Extract, unchanged, each line of the listing below from its first line through the line that contains "(Suc t) - V", inclusive, and nothing else.

== == ==

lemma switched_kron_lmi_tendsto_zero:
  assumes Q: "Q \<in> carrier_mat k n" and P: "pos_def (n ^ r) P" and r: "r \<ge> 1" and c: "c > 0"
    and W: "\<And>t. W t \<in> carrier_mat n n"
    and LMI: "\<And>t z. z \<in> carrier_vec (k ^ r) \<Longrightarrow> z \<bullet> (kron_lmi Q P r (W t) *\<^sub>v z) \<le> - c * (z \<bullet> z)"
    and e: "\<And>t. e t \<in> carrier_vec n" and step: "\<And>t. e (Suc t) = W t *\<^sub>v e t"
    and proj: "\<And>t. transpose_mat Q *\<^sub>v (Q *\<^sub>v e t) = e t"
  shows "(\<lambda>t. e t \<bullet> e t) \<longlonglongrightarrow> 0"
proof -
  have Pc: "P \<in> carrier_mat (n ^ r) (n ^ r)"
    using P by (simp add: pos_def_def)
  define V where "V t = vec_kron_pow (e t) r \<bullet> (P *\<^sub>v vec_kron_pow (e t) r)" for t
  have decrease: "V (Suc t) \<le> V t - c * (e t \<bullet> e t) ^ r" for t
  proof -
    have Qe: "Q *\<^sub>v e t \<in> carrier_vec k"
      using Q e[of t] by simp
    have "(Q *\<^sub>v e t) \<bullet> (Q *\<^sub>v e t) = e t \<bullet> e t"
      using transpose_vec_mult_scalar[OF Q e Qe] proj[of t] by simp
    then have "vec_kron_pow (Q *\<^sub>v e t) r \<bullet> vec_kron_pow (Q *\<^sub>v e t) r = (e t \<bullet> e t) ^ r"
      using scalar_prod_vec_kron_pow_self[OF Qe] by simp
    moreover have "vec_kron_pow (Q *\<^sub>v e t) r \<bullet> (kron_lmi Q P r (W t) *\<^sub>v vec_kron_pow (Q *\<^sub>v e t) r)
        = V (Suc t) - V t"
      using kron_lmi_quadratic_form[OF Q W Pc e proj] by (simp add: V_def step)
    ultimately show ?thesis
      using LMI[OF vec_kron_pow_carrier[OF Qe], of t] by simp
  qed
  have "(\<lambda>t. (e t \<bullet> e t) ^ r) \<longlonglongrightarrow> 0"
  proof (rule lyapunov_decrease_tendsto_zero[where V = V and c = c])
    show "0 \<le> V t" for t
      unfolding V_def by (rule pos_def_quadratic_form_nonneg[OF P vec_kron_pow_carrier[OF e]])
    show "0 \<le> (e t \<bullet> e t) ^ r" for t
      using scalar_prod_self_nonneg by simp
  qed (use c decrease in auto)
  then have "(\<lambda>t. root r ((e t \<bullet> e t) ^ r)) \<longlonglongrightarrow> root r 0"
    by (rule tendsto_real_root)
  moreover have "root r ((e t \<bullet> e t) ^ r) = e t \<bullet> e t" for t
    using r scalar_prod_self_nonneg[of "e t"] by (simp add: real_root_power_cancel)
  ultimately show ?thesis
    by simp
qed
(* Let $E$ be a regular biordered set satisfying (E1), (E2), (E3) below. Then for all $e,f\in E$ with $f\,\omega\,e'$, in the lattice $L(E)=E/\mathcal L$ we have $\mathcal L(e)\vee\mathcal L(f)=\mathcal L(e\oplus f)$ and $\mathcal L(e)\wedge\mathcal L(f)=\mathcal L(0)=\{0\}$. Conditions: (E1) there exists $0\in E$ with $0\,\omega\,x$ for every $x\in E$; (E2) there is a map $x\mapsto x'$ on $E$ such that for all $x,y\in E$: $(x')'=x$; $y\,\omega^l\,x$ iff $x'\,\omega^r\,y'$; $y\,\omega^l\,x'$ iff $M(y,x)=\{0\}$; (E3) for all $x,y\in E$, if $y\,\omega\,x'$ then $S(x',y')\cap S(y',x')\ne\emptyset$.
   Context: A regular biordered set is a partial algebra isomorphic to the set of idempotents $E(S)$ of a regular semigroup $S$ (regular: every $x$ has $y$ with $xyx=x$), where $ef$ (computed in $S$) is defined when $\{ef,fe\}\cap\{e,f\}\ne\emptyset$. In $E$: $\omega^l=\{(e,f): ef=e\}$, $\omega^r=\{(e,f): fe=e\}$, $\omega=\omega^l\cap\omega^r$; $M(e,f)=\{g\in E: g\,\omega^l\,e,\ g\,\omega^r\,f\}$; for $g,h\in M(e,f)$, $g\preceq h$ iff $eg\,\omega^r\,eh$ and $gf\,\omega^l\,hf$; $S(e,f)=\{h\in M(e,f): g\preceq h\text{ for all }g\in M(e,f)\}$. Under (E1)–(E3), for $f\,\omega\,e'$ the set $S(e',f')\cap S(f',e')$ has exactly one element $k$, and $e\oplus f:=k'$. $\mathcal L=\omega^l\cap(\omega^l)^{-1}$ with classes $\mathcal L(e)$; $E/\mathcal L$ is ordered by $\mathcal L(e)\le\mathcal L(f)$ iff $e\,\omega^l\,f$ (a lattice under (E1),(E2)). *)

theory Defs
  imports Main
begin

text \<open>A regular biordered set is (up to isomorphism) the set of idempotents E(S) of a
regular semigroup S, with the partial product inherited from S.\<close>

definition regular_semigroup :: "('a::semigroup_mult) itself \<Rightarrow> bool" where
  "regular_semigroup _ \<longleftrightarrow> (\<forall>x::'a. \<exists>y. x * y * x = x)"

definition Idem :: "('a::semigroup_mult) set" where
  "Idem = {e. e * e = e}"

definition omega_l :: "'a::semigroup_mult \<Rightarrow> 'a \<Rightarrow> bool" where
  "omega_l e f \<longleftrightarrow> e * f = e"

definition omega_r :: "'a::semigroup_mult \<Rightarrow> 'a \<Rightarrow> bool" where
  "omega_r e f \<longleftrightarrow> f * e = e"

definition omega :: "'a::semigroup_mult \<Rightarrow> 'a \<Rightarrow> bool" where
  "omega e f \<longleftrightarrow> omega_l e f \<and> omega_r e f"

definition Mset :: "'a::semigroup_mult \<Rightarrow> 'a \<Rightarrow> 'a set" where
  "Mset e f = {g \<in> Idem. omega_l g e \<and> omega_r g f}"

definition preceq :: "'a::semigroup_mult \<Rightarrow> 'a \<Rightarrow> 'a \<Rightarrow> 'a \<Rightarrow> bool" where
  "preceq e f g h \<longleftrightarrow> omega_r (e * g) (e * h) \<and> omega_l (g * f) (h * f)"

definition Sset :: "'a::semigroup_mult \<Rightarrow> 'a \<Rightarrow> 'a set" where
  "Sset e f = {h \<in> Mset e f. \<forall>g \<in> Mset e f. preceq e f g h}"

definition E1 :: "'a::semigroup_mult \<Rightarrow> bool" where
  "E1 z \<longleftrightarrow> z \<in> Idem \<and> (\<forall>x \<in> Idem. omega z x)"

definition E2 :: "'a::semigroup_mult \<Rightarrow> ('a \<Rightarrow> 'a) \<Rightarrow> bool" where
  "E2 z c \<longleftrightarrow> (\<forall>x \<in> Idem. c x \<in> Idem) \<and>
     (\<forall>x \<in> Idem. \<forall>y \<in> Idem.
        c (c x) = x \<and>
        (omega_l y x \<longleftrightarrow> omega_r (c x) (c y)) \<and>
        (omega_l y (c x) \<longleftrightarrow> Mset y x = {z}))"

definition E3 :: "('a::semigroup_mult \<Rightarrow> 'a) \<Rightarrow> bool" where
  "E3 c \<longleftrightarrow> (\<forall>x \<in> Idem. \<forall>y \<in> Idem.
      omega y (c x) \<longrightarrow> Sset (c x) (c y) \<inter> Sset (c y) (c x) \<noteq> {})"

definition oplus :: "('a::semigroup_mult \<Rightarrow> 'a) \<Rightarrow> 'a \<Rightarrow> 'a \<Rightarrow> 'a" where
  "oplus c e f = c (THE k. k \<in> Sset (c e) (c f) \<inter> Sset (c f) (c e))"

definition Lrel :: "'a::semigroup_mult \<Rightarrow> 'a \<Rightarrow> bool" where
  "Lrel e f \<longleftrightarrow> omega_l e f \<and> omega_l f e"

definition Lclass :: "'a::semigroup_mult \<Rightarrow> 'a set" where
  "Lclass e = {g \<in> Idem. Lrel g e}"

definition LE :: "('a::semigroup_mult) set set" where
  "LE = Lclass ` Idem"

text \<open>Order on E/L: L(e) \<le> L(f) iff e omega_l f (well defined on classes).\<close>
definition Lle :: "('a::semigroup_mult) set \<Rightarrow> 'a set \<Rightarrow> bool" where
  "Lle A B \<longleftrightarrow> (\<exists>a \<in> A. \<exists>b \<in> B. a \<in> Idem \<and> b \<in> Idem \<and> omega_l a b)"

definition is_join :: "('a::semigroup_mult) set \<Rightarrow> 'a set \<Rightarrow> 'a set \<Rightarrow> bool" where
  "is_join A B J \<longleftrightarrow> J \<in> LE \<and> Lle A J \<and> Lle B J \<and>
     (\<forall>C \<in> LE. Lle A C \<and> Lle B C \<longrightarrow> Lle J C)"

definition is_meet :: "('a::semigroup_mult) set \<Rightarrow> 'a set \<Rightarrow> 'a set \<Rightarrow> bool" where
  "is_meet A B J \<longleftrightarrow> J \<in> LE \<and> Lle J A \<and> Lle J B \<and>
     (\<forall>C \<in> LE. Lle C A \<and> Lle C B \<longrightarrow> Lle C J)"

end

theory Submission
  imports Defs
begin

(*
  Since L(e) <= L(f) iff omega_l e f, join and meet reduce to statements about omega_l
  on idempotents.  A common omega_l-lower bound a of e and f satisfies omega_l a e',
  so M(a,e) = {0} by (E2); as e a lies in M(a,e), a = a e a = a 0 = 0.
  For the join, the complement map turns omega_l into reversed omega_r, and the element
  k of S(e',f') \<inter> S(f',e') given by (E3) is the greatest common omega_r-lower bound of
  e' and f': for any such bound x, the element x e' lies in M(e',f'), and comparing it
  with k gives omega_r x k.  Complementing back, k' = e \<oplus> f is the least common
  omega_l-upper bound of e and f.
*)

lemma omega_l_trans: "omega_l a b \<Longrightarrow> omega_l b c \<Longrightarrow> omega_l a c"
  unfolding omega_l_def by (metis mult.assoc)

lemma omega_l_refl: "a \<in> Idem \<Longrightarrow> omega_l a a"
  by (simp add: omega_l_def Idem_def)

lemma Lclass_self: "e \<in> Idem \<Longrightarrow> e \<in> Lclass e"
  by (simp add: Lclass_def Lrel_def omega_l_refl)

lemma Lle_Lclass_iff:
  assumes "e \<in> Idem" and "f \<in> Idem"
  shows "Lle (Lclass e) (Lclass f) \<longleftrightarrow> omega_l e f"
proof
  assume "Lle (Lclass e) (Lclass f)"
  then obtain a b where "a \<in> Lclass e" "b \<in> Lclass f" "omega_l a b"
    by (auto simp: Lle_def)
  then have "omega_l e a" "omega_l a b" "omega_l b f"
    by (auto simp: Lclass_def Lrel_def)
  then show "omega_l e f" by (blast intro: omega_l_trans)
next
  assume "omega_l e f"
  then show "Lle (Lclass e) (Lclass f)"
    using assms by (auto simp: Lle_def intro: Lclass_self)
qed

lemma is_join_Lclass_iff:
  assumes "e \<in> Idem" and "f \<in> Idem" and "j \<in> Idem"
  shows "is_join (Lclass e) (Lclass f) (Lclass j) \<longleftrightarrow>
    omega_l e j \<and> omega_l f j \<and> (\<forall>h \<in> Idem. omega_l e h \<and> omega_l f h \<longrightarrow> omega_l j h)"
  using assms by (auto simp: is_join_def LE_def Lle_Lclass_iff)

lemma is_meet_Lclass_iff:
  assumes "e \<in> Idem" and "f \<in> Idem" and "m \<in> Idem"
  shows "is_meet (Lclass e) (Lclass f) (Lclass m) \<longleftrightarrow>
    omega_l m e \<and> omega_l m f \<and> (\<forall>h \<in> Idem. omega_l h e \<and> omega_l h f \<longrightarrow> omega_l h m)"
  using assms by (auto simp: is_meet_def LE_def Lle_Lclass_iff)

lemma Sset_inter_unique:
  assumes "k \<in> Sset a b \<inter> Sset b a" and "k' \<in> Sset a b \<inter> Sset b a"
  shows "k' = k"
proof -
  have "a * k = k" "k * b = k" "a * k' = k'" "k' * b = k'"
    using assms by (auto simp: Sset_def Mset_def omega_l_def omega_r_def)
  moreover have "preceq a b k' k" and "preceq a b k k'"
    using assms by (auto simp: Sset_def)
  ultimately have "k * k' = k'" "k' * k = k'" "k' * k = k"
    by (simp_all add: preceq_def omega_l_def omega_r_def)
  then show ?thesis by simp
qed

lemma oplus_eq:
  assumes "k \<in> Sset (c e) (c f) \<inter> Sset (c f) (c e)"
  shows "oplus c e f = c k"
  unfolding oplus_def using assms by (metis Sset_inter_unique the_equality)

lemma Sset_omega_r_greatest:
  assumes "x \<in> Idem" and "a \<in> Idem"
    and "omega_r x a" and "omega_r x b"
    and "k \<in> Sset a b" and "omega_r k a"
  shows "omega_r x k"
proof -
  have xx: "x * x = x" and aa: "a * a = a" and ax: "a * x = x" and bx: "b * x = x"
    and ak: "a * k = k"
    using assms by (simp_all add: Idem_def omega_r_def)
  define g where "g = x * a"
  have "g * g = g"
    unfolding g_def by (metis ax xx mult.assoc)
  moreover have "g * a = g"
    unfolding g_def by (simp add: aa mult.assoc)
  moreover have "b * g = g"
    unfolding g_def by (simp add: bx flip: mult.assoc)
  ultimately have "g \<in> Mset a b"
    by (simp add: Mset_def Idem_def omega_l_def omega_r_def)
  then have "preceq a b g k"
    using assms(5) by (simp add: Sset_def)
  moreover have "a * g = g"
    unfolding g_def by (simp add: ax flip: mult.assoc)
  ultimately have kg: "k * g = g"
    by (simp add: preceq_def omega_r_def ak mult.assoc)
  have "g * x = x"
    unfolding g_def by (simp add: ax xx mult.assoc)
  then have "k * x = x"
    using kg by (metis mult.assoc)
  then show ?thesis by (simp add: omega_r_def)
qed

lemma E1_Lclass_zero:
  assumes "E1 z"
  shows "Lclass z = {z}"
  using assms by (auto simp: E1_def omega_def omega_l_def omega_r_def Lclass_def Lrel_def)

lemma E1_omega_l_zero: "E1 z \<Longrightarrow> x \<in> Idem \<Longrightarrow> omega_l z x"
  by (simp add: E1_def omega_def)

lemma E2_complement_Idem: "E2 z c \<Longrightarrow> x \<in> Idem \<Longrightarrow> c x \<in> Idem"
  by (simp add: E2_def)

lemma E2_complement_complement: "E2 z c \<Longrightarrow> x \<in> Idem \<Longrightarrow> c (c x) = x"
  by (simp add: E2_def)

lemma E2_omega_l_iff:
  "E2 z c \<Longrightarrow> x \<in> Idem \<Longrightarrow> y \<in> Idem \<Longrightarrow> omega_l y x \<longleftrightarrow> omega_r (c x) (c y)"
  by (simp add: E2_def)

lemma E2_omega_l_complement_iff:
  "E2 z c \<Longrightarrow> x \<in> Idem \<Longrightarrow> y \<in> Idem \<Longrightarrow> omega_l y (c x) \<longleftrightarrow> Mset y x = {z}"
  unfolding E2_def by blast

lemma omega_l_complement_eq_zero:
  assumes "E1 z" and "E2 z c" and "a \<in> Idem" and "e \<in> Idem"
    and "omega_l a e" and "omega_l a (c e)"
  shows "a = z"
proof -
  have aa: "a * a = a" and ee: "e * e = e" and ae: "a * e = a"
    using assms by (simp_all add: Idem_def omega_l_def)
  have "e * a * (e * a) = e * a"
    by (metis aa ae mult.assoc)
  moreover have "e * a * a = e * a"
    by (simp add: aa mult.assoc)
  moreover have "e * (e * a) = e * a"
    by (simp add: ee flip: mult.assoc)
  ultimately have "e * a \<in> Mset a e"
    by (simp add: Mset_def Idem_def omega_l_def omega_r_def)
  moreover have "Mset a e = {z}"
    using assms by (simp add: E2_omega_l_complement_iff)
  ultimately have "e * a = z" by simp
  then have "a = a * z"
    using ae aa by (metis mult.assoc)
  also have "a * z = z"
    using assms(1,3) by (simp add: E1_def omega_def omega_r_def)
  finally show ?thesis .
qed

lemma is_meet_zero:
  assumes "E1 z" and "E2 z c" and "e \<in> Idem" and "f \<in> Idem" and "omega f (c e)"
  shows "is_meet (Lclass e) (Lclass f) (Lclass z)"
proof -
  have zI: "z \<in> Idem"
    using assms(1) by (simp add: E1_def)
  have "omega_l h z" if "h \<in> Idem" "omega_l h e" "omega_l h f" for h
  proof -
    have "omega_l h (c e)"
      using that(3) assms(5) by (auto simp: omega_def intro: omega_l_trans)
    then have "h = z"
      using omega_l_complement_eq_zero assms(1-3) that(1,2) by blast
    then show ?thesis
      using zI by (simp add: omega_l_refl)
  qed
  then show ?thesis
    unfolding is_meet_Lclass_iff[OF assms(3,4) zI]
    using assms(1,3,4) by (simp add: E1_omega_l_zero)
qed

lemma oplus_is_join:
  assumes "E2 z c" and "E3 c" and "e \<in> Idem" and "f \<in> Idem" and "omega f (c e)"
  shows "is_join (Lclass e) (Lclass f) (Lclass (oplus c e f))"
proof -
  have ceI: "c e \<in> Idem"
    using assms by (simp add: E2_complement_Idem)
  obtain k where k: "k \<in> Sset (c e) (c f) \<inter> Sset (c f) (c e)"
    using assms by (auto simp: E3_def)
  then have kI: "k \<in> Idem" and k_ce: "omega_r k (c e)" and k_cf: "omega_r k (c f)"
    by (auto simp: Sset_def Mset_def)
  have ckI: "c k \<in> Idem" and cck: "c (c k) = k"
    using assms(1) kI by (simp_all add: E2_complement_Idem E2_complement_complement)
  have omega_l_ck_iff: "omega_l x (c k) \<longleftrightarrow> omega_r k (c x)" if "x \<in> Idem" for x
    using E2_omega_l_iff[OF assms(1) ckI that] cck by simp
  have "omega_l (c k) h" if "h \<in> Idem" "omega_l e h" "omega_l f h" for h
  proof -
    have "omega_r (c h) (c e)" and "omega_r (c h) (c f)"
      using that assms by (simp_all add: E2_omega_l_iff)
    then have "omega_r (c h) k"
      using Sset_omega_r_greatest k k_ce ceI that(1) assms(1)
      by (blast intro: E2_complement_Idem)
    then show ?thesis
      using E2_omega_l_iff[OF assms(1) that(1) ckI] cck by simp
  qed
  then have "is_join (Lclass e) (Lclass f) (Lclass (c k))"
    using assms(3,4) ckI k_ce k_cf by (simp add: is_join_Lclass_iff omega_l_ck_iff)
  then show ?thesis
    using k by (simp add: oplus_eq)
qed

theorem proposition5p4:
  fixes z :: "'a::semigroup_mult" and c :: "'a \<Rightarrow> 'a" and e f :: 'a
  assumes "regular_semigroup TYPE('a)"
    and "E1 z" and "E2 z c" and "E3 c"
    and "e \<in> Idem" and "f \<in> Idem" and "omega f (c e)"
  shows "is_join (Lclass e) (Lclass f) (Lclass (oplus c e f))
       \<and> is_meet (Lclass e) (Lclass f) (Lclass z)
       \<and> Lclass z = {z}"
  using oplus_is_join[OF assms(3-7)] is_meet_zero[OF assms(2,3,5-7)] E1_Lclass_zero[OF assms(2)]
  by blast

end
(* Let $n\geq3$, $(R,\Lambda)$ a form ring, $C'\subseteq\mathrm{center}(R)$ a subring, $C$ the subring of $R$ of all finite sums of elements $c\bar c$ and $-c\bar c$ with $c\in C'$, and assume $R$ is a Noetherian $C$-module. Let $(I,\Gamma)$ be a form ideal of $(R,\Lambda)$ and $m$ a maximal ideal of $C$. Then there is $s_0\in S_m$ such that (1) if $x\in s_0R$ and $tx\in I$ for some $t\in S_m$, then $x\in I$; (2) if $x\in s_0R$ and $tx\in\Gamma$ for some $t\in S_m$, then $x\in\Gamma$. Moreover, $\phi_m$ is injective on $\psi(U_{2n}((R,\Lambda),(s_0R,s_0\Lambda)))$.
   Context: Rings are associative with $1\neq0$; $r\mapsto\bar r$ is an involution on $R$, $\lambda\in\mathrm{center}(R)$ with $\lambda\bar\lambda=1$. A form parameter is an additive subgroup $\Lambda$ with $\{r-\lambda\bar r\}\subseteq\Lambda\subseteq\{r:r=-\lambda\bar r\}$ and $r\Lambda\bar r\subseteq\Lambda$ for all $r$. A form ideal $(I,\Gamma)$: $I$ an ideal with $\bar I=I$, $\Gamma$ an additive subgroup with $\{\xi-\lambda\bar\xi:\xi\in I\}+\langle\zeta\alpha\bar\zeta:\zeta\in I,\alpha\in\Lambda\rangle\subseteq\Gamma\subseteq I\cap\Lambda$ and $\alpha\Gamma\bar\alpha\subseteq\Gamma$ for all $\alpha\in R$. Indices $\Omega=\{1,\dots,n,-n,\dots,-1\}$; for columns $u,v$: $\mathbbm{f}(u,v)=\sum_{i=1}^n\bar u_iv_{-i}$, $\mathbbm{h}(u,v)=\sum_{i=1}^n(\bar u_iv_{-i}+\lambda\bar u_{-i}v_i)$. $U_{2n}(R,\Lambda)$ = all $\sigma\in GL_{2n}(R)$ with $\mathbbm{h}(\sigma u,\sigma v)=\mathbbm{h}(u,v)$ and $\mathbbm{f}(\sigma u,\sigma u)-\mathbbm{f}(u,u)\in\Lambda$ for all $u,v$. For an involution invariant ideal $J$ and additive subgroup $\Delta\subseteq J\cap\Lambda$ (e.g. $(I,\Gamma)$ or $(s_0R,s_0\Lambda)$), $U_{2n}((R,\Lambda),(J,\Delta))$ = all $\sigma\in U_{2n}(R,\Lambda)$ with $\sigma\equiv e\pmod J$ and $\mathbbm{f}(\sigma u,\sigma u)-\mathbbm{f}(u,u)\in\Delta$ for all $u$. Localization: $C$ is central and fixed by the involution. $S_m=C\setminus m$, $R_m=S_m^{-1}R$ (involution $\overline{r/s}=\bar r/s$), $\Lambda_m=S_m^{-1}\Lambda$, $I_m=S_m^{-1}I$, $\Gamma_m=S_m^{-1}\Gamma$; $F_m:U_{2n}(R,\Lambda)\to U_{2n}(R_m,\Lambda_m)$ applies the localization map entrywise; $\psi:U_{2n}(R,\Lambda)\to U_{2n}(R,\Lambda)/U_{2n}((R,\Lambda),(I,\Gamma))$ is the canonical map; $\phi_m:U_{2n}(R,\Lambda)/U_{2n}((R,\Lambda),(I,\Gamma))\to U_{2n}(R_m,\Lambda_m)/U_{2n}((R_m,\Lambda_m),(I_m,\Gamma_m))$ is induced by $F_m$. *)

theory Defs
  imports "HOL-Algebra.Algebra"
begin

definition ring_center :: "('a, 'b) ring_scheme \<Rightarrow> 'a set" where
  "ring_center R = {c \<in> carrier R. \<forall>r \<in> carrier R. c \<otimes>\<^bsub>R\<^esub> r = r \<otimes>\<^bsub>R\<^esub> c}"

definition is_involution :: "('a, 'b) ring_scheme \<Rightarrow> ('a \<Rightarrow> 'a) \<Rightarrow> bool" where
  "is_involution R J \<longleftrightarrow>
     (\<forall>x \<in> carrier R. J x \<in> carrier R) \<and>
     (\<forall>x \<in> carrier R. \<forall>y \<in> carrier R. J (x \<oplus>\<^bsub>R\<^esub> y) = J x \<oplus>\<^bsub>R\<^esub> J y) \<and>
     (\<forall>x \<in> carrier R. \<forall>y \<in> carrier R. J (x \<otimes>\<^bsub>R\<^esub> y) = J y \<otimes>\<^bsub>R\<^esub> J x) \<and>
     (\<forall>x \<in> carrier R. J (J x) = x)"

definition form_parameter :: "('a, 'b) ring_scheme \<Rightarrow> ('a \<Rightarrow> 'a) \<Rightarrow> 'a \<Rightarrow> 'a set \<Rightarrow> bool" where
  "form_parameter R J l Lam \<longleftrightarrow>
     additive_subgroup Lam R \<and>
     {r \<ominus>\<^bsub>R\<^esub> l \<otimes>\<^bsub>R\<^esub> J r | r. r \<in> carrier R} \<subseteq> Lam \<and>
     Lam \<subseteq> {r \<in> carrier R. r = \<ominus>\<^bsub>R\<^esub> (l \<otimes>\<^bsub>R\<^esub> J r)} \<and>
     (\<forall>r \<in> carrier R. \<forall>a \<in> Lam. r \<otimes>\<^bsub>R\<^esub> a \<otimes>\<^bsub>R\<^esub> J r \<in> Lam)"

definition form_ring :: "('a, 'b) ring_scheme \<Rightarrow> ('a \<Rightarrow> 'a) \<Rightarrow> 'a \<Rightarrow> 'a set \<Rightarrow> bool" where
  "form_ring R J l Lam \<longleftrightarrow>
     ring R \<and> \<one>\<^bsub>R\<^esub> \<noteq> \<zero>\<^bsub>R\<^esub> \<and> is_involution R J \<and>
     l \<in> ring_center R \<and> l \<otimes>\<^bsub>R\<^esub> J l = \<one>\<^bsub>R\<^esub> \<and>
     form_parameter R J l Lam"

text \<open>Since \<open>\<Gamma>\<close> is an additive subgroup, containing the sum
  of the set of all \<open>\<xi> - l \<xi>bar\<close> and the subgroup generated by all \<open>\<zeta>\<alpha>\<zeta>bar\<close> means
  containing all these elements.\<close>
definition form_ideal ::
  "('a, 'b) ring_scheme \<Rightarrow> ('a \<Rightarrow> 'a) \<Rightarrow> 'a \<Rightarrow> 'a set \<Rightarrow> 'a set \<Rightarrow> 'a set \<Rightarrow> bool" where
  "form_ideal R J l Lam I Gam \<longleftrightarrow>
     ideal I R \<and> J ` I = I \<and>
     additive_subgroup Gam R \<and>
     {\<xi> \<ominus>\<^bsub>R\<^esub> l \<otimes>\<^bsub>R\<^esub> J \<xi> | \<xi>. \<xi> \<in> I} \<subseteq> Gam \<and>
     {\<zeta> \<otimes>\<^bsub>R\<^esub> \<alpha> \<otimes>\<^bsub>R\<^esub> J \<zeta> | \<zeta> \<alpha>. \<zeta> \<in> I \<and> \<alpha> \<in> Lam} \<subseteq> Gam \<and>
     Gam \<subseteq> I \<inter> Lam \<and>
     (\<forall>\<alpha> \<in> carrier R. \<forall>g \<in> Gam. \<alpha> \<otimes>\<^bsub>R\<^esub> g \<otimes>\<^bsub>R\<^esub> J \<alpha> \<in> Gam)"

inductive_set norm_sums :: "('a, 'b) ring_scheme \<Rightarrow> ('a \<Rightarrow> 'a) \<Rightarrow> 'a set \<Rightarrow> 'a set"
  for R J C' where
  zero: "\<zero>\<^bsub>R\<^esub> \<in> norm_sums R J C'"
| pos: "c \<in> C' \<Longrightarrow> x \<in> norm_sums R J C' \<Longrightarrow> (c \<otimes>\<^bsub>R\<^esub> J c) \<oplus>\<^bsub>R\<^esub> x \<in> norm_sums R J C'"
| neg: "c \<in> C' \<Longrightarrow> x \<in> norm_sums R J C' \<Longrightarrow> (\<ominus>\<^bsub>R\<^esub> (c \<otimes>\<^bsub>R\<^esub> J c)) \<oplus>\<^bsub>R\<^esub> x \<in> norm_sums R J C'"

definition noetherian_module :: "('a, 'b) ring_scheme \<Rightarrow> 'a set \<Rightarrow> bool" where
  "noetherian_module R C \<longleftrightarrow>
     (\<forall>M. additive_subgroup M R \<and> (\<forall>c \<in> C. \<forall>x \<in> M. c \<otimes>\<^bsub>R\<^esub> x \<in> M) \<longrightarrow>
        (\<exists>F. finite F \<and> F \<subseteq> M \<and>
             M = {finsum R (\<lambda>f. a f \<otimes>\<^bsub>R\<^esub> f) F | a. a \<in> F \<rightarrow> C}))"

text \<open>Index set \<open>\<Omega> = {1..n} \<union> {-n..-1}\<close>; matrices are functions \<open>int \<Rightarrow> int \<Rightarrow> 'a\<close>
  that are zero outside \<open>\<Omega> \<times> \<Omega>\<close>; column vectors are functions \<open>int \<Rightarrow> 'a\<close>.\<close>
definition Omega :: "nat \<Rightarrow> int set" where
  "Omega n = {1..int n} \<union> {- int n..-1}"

== == ==

* [Response box]
lemma switched_kron_lmi_tendsto_zero:
  assumes Q: "Q \<in> carrier_mat k n" and P: "pos_def (n ^ r) P" and r: "r \<ge> 1" and c: "c > 0"
    and W: "\<And>t. W t \<in> carrier_mat n n"
    and LMI: "\<And>t z. z \<in> carrier_vec (k ^ r) \<Longrightarrow> z \<bullet> (kron_lmi Q P r (W t) *\<^sub>v z) \<le> - c * (z \<bullet> z)"
    and e: "\<And>t. e t \<in> carrier_vec n" and step: "\<And>t. e (Suc t) = W t *\<^sub>v e t"
    and proj: "\<And>t. transpose_mat Q *\<^sub>v (Q *\<^sub>v e t) = e t"
  shows "(\<lambda>t. e t \<bullet> e t) \<longlonglongrightarrow> 0"
proof -
  have Pc: "P \<in> carrier_mat (n ^ r) (n ^ r)"
    using P by (simp add: pos_def_def)
  define V where "V t = vec_kron_pow (e t) r \<bullet> (P *\<^sub>v vec_kron_pow (e t) r)" for t
  have decrease: "V (Suc t) \<le> V t - c * (e t \<bullet> e t) ^ r" for t
  proof -
    have Qe: "Q *\<^sub>v e t \<in> carrier_vec k"
      using Q e[of t] by simp
    have "(Q *\<^sub>v e t) \<bullet> (Q *\<^sub>v e t) = e t \<bullet> e t"
      using transpose_vec_mult_scalar[OF Q e Qe] proj[of t] by simp
    then have "vec_kron_pow (Q *\<^sub>v e t) r \<bullet> vec_kron_pow (Q *\<^sub>v e t) r = (e t \<bullet> e t) ^ r"
      using scalar_prod_vec_kron_pow_self[OF Qe] by simp
    moreover have "vec_kron_pow (Q *\<^sub>v e t) r \<bullet> (kron_lmi Q P r (W t) *\<^sub>v vec_kron_pow (Q *\<^sub>v e t) r)
        = V (Suc t) - V t"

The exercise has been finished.